THE PROBLEM:
Where the records below reach the line containing "(simp_all add: u_def inner_add_left inner_diff_left n_def)", start transcribing, and end with the line containing "obtain x y where", exactly and with nothing else added.

GIVEN RECORDS:
· · · · ·

(* Let $K=\operatorname{cone}\{e_1,\dots,e_m\}\subset\mathbb{R}^m$ be a simplicial cone, and suppose there are pairwise distinct indices $i,j,k\in\{1,\dots,m\}$ with $\langle e_i,e_j\rangle<0$, $\langle e_i,e_k\rangle<0$ and $\langle e_j,e_k\rangle<0$. Then there is no proper cone $L$ such that $K$ is an $L$-isotone projection set.
   Context: $\mathbb{R}^m$ carries the standard inner product. A simplicial cone is $\operatorname{cone}\{e_1,\dots,e_m\}=\{\sum t^ie_i:t^i\ge0\}$ with $e_1,\dots,e_m$ linearly independent. A proper cone is a closed convex cone $L$ that is pointed and generating ($L-L=\mathbb{R}^m$). $x\le_L y$ means $y-x\in L$. $K$ is an $L$-isotone projection set if $x\le_L y$ implies $P_Kx\le_L P_Ky$, where $P_K$ is the metric projection onto $K$. *)

theory Defs
  imports "HOL-Analysis.Analysis"
begin

definition gen_cone :: "('m::finite \<Rightarrow> 'a::real_vector) \<Rightarrow> 'a set" where
  "gen_cone e = {(\<Sum>i\<in>UNIV. t i *\<^sub>R e i) | t. \<forall>i. t i \<ge> 0}"

definition simplicial_generators :: "('m::finite \<Rightarrow> real^'m) \<Rightarrow> bool" where
  "simplicial_generators e \<longleftrightarrow> inj e \<and> independent (range e)"

definition proper_cone :: "'a::real_normed_vector set \<Rightarrow> bool" where
  "proper_cone L \<longleftrightarrow> closed L \<and> convex L \<and> cone L \<and>
     L \<inter> uminus ` L = {0} \<and> {x - y | x y. x \<in> L \<and> y \<in> L} = UNIV"

definition cone_le :: "'a::real_vector set \<Rightarrow> 'a \<Rightarrow> 'a \<Rightarrow> bool" where
  "cone_le L x y \<longleftrightarrow> y - x \<in> L"

definition isotone_projection_set :: "'a::euclidean_space set \<Rightarrow> 'a set \<Rightarrow> bool" where
  "isotone_projection_set L K \<longleftrightarrow>
     (\<forall>x y. cone_le L x y \<longrightarrow> cone_le L (closest_point K x) (closest_point K y))"

end

theory Submission
  imports Defs
begin

text \<open>
  Fix a generator e_i and a vector v in L. For a suitable w, the point e_i + w projects onto e_i,
  and every small perturbation e_i + w + s v projects onto (1 + s (v \<bullet> e_i) / |e_i|^2) e_i.
  Isotonicity therefore puts (v \<bullet> e_i) e_i into L. As L is generating, some v in L has
  v \<bullet> e_i \<noteq> 0, and as L is pointed, the sign of v \<bullet> e_i cannot change over L: so there is
  a sign \<sigma>_i with \<sigma>_i e_i in L and in the dual cone of L. For an obtuse pair e_a, e_b this
  forces \<sigma>_a = - \<sigma>_b, which is impossible for three pairwise obtuse generators.
\<close>

lemma closest_point_eq_if_inner_nonpos:
  fixes S :: "'a::{real_inner,heine_borel} set"
  assumes "p \<in> S" and obtuse: "\<And>z. z \<in> S \<Longrightarrow> (a - p) \<bullet> (z - p) \<le> 0"
  shows "closest_point S a = p"
proof -
  have closer: "dist a p < dist a z" if "z \<in> S" "z \<noteq> p" for z
  proof -
    have "(dist a z)\<^sup>2 = (norm ((a - p) - (z - p)))\<^sup>2" by (simp add: dist_norm)
    also have "\<dots> = (dist a p)\<^sup>2 + (norm (z - p))\<^sup>2 - 2 * ((a - p) \<bullet> (z - p))"
      by (simp add: power2_norm_eq_inner dist_norm inner_diff_left inner_diff_right
          inner_commute algebra_simps)
    finally have "(dist a z)\<^sup>2 = (dist a p)\<^sup>2 + (norm (z - p))\<^sup>2 - 2 * ((a - p) \<bullet> (z - p))" .
    moreover have "norm (z - p) > 0" using \<open>z \<noteq> p\<close> by simp
    ultimately have "(dist a p)\<^sup>2 < (dist a z)\<^sup>2" using obtuse[OF \<open>z \<in> S\<close>]
      by (smt (verit) zero_less_power)
    thus ?thesis by (simp add: power_less_imp_less_base)
  qed
  show ?thesis
    unfolding closest_point_def
  proof (rule some_equality)
    show "p \<in> S \<and> (\<forall>z\<in>S. dist a p \<le> dist a z)"
      using \<open>p \<in> S\<close> closer by (metis order.order_iff_strict)
  next
    show "x = p" if "x \<in> S \<and> (\<forall>z\<in>S. dist a x \<le> dist a z)" for x
      using that \<open>p \<in> S\<close> closer by (metis not_less)
  qed
qed

lemma scaleR_generator_in_gen_cone:
  fixes e :: "'m::finite \<Rightarrow> 'a::real_vector"
  assumes "t \<ge> 0"
  shows "t *\<^sub>R e i \<in> gen_cone e"
proof -
  have "(\<Sum>l\<in>UNIV. (if l = i then t else 0) *\<^sub>R e l) = t *\<^sub>R e i"
    by (simp add: sum.delta if_distrib[of "\<lambda>c. c *\<^sub>R e _"] cong: if_cong)
  thus ?thesis
    unfolding gen_cone_def using assms
    by (intro CollectI exI[of _ "\<lambda>l. if l = i then t else 0"]) auto
qed

lemma inner_gen_cone_nonpos:
  fixes e :: "'m::finite \<Rightarrow> 'a::real_inner"
  assumes "\<And>l. w \<bullet> e l \<le> 0" and "z \<in> gen_cone e"
  shows "w \<bullet> z \<le> 0"
proof -
  obtain c where z: "z = (\<Sum>l\<in>UNIV. c l *\<^sub>R e l)" and c: "\<And>l. c l \<ge> 0"
    using \<open>z \<in> gen_cone e\<close> unfolding gen_cone_def by blast
  have "w \<bullet> z = (\<Sum>l\<in>UNIV. c l * (w \<bullet> e l))"
    unfolding z by (simp add: inner_sum_right)
  also have "\<dots> \<le> 0"
    by (rule sum_nonpos) (simp add: c assms(1) mult_nonneg_nonpos)
  finally show ?thesis .
qed

lemma closest_point_gen_cone_ray:
  fixes e :: "'m::finite \<Rightarrow> 'a::{real_inner,heine_borel}"
  assumes "t \<ge> 0" and "(a - t *\<^sub>R e i) \<bullet> e i = 0" and "\<And>l. (a - t *\<^sub>R e i) \<bullet> e l \<le> 0"
  shows "closest_point (gen_cone e) a = t *\<^sub>R e i"
proof (rule closest_point_eq_if_inner_nonpos)
  show "t *\<^sub>R e i \<in> gen_cone e" using assms(1) by (rule scaleR_generator_in_gen_cone)
  show "(a - t *\<^sub>R e i) \<bullet> (z - t *\<^sub>R e i) \<le> 0" if "z \<in> gen_cone e" for z
    using inner_gen_cone_nonpos[OF assms(3) that] assms(2) by (simp add: inner_diff_right)
qed

lemma ex_inner_eq_on_simplicial_generators:
  fixes e :: "'m::finite \<Rightarrow> real^'m"
  assumes "simplicial_generators e"
  shows "\<exists>x. \<forall>l. x \<bullet> e l = f l"
proof -
  have "inj e" and ind: "independent (range e)"
    using assms unfolding simplicial_generators_def by auto
  hence "card (range e) = CARD('m)" by (simp add: card_image)
  hence "span (range e) = UNIV"
    using card_ge_dim_independent[of "range e" UNIV] by (auto simp: ind dim_UNIV)
  define g where "g x = (\<chi> l. x \<bullet> e l)" for x :: "real^'m"
  have lin: "linear g" unfolding g_def
    by (rule linearI) (auto simp: vec_eq_iff inner_add_left)
  have "inj g"
    unfolding linear_injective_0[OF lin]
  proof (intro allI impI)
    fix x assume "g x = 0"
    hence "orthogonal x x"
      using orthogonal_to_span[of x "range e" x] \<open>span (range e) = UNIV\<close>
      by (auto simp: g_def vec_eq_iff orthogonal_def)
    thus "x = 0" by (simp add: orthogonal_def)
  qed
  then obtain x where "g x = (\<chi> l. f l)"
    using linear_injective_imp_surjective[OF lin] by (metis surjD)
  thus ?thesis unfolding g_def by (auto simp: vec_eq_iff)
qed

lemma simplicial_generator_nonzero:
  assumes "simplicial_generators e"
  shows "e i \<noteq> 0"
  using assms dependent_zero[of "range e"] unfolding simplicial_generators_def by auto

lemma ex_pos_mult_le_one:
  fixes A :: "real set"
  assumes "finite A"
  shows "\<exists>s>0. \<forall>a\<in>A. s * a \<le> 1"
proof (intro exI conjI ballI)
  let ?M = "1 + (\<Sum>a\<in>A. \<bar>a\<bar>)"
  have "0 \<le> (\<Sum>a\<in>A. \<bar>a\<bar>)" by (simp add: sum_nonneg)
  hence M: "?M > 0" by linarith
  thus "1 / ?M > 0" by simp
  fix a assume "a \<in> A"
  hence "a \<le> ?M" using member_le_sum[of a A abs] assms by fastforce
  thus "1 / ?M * a \<le> 1" using M by simp
qed

lemma cone_sgn_scaleR:
  assumes "cone L" "c *\<^sub>R x \<in> L"
  shows "sgn c *\<^sub>R x \<in> L"
  using mem_cone[OF assms, of "1 / \<bar>c\<bar>"] by (simp add: real_sgn_eq)

lemma isotone_projection_scaleR_generator_in_cone:
  fixes e :: "'m::finite \<Rightarrow> real^'m"
  assumes sg: "simplicial_generators e" and "cone L"
    and iso: "isotone_projection_set L (gen_cone e)" and "v \<in> L"
  shows "(v \<bullet> e i) *\<^sub>R e i \<in> L"
proof -
  define n where "n = e i \<bullet> e i"
  have "n > 0" unfolding n_def using simplicial_generator_nonzero[OF sg] by simp
  obtain w where w: "\<And>l. w \<bullet> e l = (if l = i then 0 else -1)"
    using ex_inner_eq_on_simplicial_generators[OF sg, of "\<lambda>l. if l = i then 0 else -1"] by blast
  define u where "u = v - (v \<bullet> e i / n) *\<^sub>R e i"
  have proj: "closest_point (gen_cone e) (e i + w + s *\<^sub>R v) = (1 + s * (v \<bullet> e i) / n) *\<^sub>R e i"
    if "s \<ge> 0" "s * (- (v \<bullet> e i) / n) \<le> 1" "\<And>l. s * (u \<bullet> e l) \<le> 1" for s
  proof (rule closest_point_gen_cone_ray)
    have residual: "e i + w + s *\<^sub>R v - (1 + s * (v \<bullet> e i) / n) *\<^sub>R e i = w + s *\<^sub>R u"
      unfolding u_def by (simp add: algebra_simps)
    show "0 \<le> 1 + s * (v \<bullet> e i) / n" using that(2) by simp
    show "(e i + w + s *\<^sub>R v - (1 + s * (v \<bullet> e i) / n) *\<^sub>R e i) \<bullet> e i = 0"
      unfolding residual using \<open>n > 0\<close> w[of i] by (simp add: u_def inner_add_left inner_diff_left n_def)
    show "(e i + w + s *\<^sub>R v - (1 + s * (v \<bullet> e i) / n) *\<^sub>R e i) \<bullet> e l \<le> 0" for l
      unfolding residual using \<open>n > 0\<close> w[of l] that(3)[of l]
      by (cases "l = i") (simp_all add: u_def inner_add_left inner_diff_left n_def)
  qed
  obtain s where "s > 0"
    and small: "\<forall>a\<in>insert (- (v \<bullet> e i) / n) (range (\<lambda>l. u \<bullet> e l)). s * a \<le> 1"
    using ex_pos_mult_le_one[of "insert (- (v \<bullet> e i) / n) (range (\<lambda>l. u \<bullet> e l))"] by auto
  have "cone_le L (e i + w) (e i + w + s *\<^sub>R v)"
    unfolding cone_le_def using mem_cone[OF \<open>cone L\<close> \<open>v \<in> L\<close>, of s] \<open>s > 0\<close> by simp
  hence "closest_point (gen_cone e) (e i + w + s *\<^sub>R v) - closest_point (gen_cone e) (e i + w) \<in> L"
    using iso unfolding isotone_projection_set_def cone_le_def by blast
  also have "closest_point (gen_cone e) (e i + w) = 1 *\<^sub>R e i"
    using proj[of 0] by simp
  also have "closest_point (gen_cone e) (e i + w + s *\<^sub>R v) = (1 + s * (v \<bullet> e i) / n) *\<^sub>R e i"
    using proj[of s] \<open>s > 0\<close> small by auto
  finally have "(s / n) *\<^sub>R ((v \<bullet> e i) *\<^sub>R e i) \<in> L" by (simp add: algebra_simps)
  from mem_cone[OF \<open>cone L\<close> this, of "n / s"] show ?thesis
    using \<open>n > 0\<close> \<open>s > 0\<close> by simp
qed

lemma signed_generator_in_cone_and_dual:
  fixes e :: "'m::finite \<Rightarrow> real^'m"
  assumes sg: "simplicial_generators e" and "proper_cone L"
    and iso: "isotone_projection_set L (gen_cone e)"
  shows "\<exists>\<sigma>\<in>{-1, 1}. \<sigma> *\<^sub>R e i \<in> L \<and> (\<forall>v\<in>L. 0 \<le> v \<bullet> (\<sigma> *\<^sub>R e i))"
proof -
  have "cone L" and pointed: "L \<inter> uminus ` L = {0}"
    and generating: "{x - y | x y. x \<in> L \<and> y \<in> L} = UNIV"
    using \<open>proper_cone L\<close> unfolding proper_cone_def by auto
  have "e i \<noteq> 0" using sg by (rule simplicial_generator_nonzero)
  have sgn_in_cone: "sgn (v \<bullet> e i) *\<^sub>R e i \<in> L" if "v \<in> L" for v
    using isotone_projection_scaleR_generator_in_cone[OF sg \<open>cone L\<close> iso that]
    by (rule cone_sgn_scaleR[OF \<open>cone L\<close>])
  obtain x y where "x \<in> L" "y \<in> L" "e i = x - y"
    using generating by blast
  moreover have "(x - y) \<bullet> e i \<noteq> 0"
    using \<open>e i = x - y\<close> \<open>e i \<noteq> 0\<close> by auto
  ultimately obtain v where "v \<in> L" "v \<bullet> e i \<noteq> 0"
    by (metis diff_zero inner_diff_left)
  define \<sigma> where "\<sigma> = sgn (v \<bullet> e i)"
  have "\<sigma> \<in> {-1, 1}" using \<open>v \<bullet> e i \<noteq> 0\<close> by (auto simp: \<sigma>_def sgn_real_def)
  moreover have "\<sigma> *\<^sub>R e i \<in> L" unfolding \<sigma>_def using \<open>v \<in> L\<close> by (rule sgn_in_cone)
  moreover have "0 \<le> u \<bullet> (\<sigma> *\<^sub>R e i)" if "u \<in> L" for u
  proof (rule ccontr)
    assume "\<not> 0 \<le> u \<bullet> (\<sigma> *\<^sub>R e i)"
    hence "sgn (u \<bullet> e i) = - \<sigma>" using \<open>\<sigma> \<in> {-1, 1}\<close> by (auto simp: sgn_real_def)
    hence "- (\<sigma> *\<^sub>R e i) \<in> L" using sgn_in_cone[OF that] by simp
    hence "\<sigma> *\<^sub>R e i \<in> L \<inter> uminus ` L"
      using \<open>\<sigma> *\<^sub>R e i \<in> L\<close> by (metis IntI image_eqI minus_minus)
    thus False using pointed \<open>e i \<noteq> 0\<close> \<open>\<sigma> \<in> {-1, 1}\<close> by auto
  qed
  ultimately show ?thesis by blast
qed

theorem corollary2:
  fixes e :: "'m::finite \<Rightarrow> real^'m" and i j k :: 'm
  assumes "simplicial_generators e"
    and "i \<noteq> j" "i \<noteq> k" "j \<noteq> k"
    and "e i \<bullet> e j < 0" "e i \<bullet> e k < 0" "e j \<bullet> e k < 0"
  shows "\<not> (\<exists>L. proper_cone L \<and> isotone_projection_set L (gen_cone e))"
proof
  assume "\<exists>L. proper_cone L \<and> isotone_projection_set L (gen_cone e)"
  then obtain L where "proper_cone L" "isotone_projection_set L (gen_cone e)" by blast
  then obtain \<sigma> where \<sigma>: "\<And>a. \<sigma> a \<in> {-1, 1} \<and> \<sigma> a *\<^sub>R e a \<in> L \<and> (\<forall>v\<in>L. 0 \<le> v \<bullet> (\<sigma> a *\<^sub>R e a))"
    using signed_generator_in_cone_and_dual[OF assms(1)] by metis
  have opposite: "\<sigma> a = - \<sigma> b" if "e a \<bullet> e b < 0" for a b
  proof -
    have "0 \<le> (\<sigma> b *\<^sub>R e b) \<bullet> (\<sigma> a *\<^sub>R e a)" using \<sigma> by blast
    also have "\<dots> = \<sigma> a * \<sigma> b * (e a \<bullet> e b)" by (simp add: inner_commute)
    finally show ?thesis using that \<sigma>[of a] \<sigma>[of b] by auto
  qed
  show False
    using opposite[OF assms(5)] opposite[OF assms(6)] opposite[OF assms(7)] \<sigma>[of k] by auto
qed

end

· · · · ·

RESPONSE AREA:
      by (cases "l = i") (simp_all add: u_def inner_add_left inner_diff_left n_def)
  qed
  obtain s where "s > 0"
    and small: "\<forall>a\<in>insert (- (v \<bullet> e i) / n) (range (\<lambda>l. u \<bullet> e l)). s * a \<le> 1"
    using ex_pos_mult_le_one[of "insert (- (v \<bullet> e i) / n) (range (\<lambda>l. u \<bullet> e l))"] by auto
  have "cone_le L (e i + w) (e i + w + s *\<^sub>R v)"
    unfolding cone_le_def using mem_cone[OF \<open>cone L\<close> \<open>v \<in> L\<close>, of s] \<open>s > 0\<close> by simp
  hence "closest_point (gen_cone e) (e i + w + s *\<^sub>R v) - closest_point (gen_cone e) (e i + w) \<in> L"
    using iso unfolding isotone_projection_set_def cone_le_def by blast
  also have "closest_point (gen_cone e) (e i + w) = 1 *\<^sub>R e i"
    using proj[of 0] by simp
  also have "closest_point (gen_cone e) (e i + w + s *\<^sub>R v) = (1 + s * (v \<bullet> e i) / n) *\<^sub>R e i"
    using proj[of s] \<open>s > 0\<close> small by auto
  finally have "(s / n) *\<^sub>R ((v \<bullet> e i) *\<^sub>R e i) \<in> L" by (simp add: algebra_simps)
  from mem_cone[OF \<open>cone L\<close> this, of "n / s"] show ?thesis
    using \<open>n > 0\<close> \<open>s > 0\<close> by simp
qed

lemma signed_generator_in_cone_and_dual:
  fixes e :: "'m::finite \<Rightarrow> real^'m"
  assumes sg: "simplicial_generators e" and "proper_cone L"
    and iso: "isotone_projection_set L (gen_cone e)"
  shows "\<exists>\<sigma>\<in>{-1, 1}. \<sigma> *\<^sub>R e i \<in> L \<and> (\<forall>v\<in>L. 0 \<le> v \<bullet> (\<sigma> *\<^sub>R e i))"
proof -
  have "cone L" and pointed: "L \<inter> uminus ` L = {0}"
    and generating: "{x - y | x y. x \<in> L \<and> y \<in> L} = UNIV"
    using \<open>proper_cone L\<close> unfolding proper_cone_def by auto
  have "e i \<noteq> 0" using sg by (rule simplicial_generator_nonzero)
  have sgn_in_cone: "sgn (v \<bullet> e i) *\<^sub>R e i \<in> L" if "v \<in> L" for v
    using isotone_projection_scaleR_generator_in_cone[OF sg \<open>cone L\<close> iso that]
    by (rule cone_sgn_scaleR[OF \<open>cone L\<close>])
  obtain x y where "x \<in> L" "y \<in> L" "e i = x - y"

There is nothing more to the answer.